Your objective: The records below are to be repeated in full, exactly as they are.

Data listing:
(* Let $(X,V)=(X(t),V(t))_{t\ge0}$ be the global solution of the continuous Motsch–Tadmor model and, for each admissible time-step $h>0$, let $(X^h,V^h)=(X^h(n),V^h(n))_{n\ge0}$ be the solution of the discrete Motsch–Tadmor model with time-step $h$, both with the same initial data $(X^h(0),V^h(0))=(X(0),V(0))$ (all as described in the context, under the standing assumptions there). Assume that $\mathcal{D}(V(0))\le \kappa\int_{\mathcal{D}(X(0))}^{\infty} a(s)\,ds$, and that \[ \|\Delta^x(0)\|_F<M \quad\text{and}\quad \|\Delta^v(0)\|_F<\kappa\int_{\|\Delta^x(0)\|_F}^{M}\psi(s)\,ds . \] Then there is a constant $c_0=c_0(\kappa,N,a)$, independent of $n$ and $h$, such that \[ \limsup_{h\to0}\ \sup_{0\le n<\infty}\|\Delta^{x,h}(n)-\Delta^x(nh)\|_F\le c_0\,\mathcal{D}(V(0)),\qquad \limsup_{h\to0}\ \sup_{0\le n<\infty}\|V^h(n)-V(nh)\|=0 . \]
   Context: Fix integers $N\ge1$, $d\ge1$, coupling strength $\kappa>0$ and a communication function $a:[0,\infty)\to\mathbb{R}$ with constants $0<c_1\le c_2$ such that $c_1\le a(r)\le c_2$ for all $r\ge0$ and $a$ Lipschitz with constant $L_a>0$. Time-steps are always taken with $0<h<\min\{1,1/\kappa\}$. Continuous MT model: $\dot x_i=v_i$, $\dot v_i=\kappa\sum_{j=1}^N\phi_{ij}(v_j-v_i)$, $i=1,\dots,N$, with $\phi_{ij}=\frac{a(\|x_i-x_j\|)}{\sum_{k=1}^N a(\|x_i-x_k\|)}$ ($\|\cdot\|$ Euclidean on $\mathbb{R}^d$). Discrete MT model with step $h$: $x^h_i(n+1)=x^h_i(n)+hv^h_i(n)$, $v^h_i(n+1)=v^h_i(n)+h\kappa\sum_{j=1}^N\phi^h_{ij}(n)(v^h_j(n)-v^h_i(n))$, with $\phi^h_{ij}(n)=\frac{a(\|x^h_i(n)-x^h_j(n)\|)}{\sum_k a(\|x^h_i(n)-x^h_k(n)\|)}$. Notation: $X=(x_1,\dots,x_N)$, $V=(v_1,\dots,v_N)$, $\|V\|$ the Euclidean norm on $(\mathbb{R}^d)^N$; $\mathcal{D}(X)=\max_{i,j}\|x_i-x_j\|$, $\mathcal{D}(V)=\max_{i,j}\|v_i-v_j\|$; $\Delta^x_{ij}=x_i-x_j$, $\Delta^v_{ij}=v_i-v_j$, $\|\Delta^x\|_F=(\sum_{i,j}\|\Delta^x_{ij}\|^2)^{1/2}$, $\|\Delta^v\|_F$ likewise; $\Delta^{x,h}(n)$ is the matrix $[x^h_i(n)-x^h_j(n)]$ and $\Delta^x(nh)$ is $[x_i(nh)-x_j(nh)]$. Constants: $\|\phi\|_{\mathrm{Lip}}=\frac{L_a}{Nc_1}(1+\frac{c_2}{c_1})$, $M=\frac{1}{4N\|\phi\|_{\mathrm{Lip}}}$, $\psi(s)=1-\|\phi\|_{\mathrm{Lip}}Ns$. *)

theory Defs
  imports "HOL-Analysis.Analysis"
begin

Solution for this exercise:
(* Let $(X,V)=(X(t),V(t))_{t\ge0}$ be the global solution of the continuous Motsch–Tadmor model and, for each admissible time-step $h>0$, let $(X^h,V^h)=(X^h(n),V^h(n))_{n\ge0}$ be the solution of the discrete Motsch–Tadmor model with time-step $h$, both with the same initial data $(X^h(0),V^h(0))=(X(0),V(0))$ (all as described in the context, under the standing assumptions there). Assume that $\mathcal{D}(V(0))\le \kappa\int_{\mathcal{D}(X(0))}^{\infty} a(s)\,ds$, and that \[ \|\Delta^x(0)\|_F<M \quad\text{and}\quad \|\Delta^v(0)\|_F<\kappa\int_{\|\Delta^x(0)\|_F}^{M}\psi(s)\,ds . \] Then there is a constant $c_0=c_0(\kappa,N,a)$, independent of $n$ and $h$, such that \[ \limsup_{h\to0}\ \sup_{0\le n<\infty}\|\Delta^{x,h}(n)-\Delta^x(nh)\|_F\le c_0\,\mathcal{D}(V(0)),\qquad \limsup_{h\to0}\ \sup_{0\le n<\infty}\|V^h(n)-V(nh)\|=0 . \]
   Context: Fix integers $N\ge1$, $d\ge1$, coupling strength $\kappa>0$ and a communication function $a:[0,\infty)\to\mathbb{R}$ with constants $0<c_1\le c_2$ such that $c_1\le a(r)\le c_2$ for all $r\ge0$ and $a$ Lipschitz with constant $L_a>0$. Time-steps are always taken with $0<h<\min\{1,1/\kappa\}$. Continuous MT model: $\dot x_i=v_i$, $\dot v_i=\kappa\sum_{j=1}^N\phi_{ij}(v_j-v_i)$, $i=1,\dots,N$, with $\phi_{ij}=\frac{a(\|x_i-x_j\|)}{\sum_{k=1}^N a(\|x_i-x_k\|)}$ ($\|\cdot\|$ Euclidean on $\mathbb{R}^d$). Discrete MT model with step $h$: $x^h_i(n+1)=x^h_i(n)+hv^h_i(n)$, $v^h_i(n+1)=v^h_i(n)+h\kappa\sum_{j=1}^N\phi^h_{ij}(n)(v^h_j(n)-v^h_i(n))$, with $\phi^h_{ij}(n)=\frac{a(\|x^h_i(n)-x^h_j(n)\|)}{\sum_k a(\|x^h_i(n)-x^h_k(n)\|)}$. Notation: $X=(x_1,\dots,x_N)$, $V=(v_1,\dots,v_N)$, $\|V\|$ the Euclidean norm on $(\mathbb{R}^d)^N$; $\mathcal{D}(X)=\max_{i,j}\|x_i-x_j\|$, $\mathcal{D}(V)=\max_{i,j}\|v_i-v_j\|$; $\Delta^x_{ij}=x_i-x_j$, $\Delta^v_{ij}=v_i-v_j$, $\|\Delta^x\|_F=(\sum_{i,j}\|\Delta^x_{ij}\|^2)^{1/2}$, $\|\Delta^v\|_F$ likewise; $\Delta^{x,h}(n)$ is the matrix $[x^h_i(n)-x^h_j(n)]$ and $\Delta^x(nh)$ is $[x_i(nh)-x_j(nh)]$. Constants: $\|\phi\|_{\mathrm{Lip}}=\frac{L_a}{Nc_1}(1+\frac{c_2}{c_1})$, $M=\frac{1}{4N\|\phi\|_{\mathrm{Lip}}}$, $\psi(s)=1-\|\phi\|_{\mathrm{Lip}}Ns$. *)

theory Defs
  imports "HOL-Analysis.Analysis"
begin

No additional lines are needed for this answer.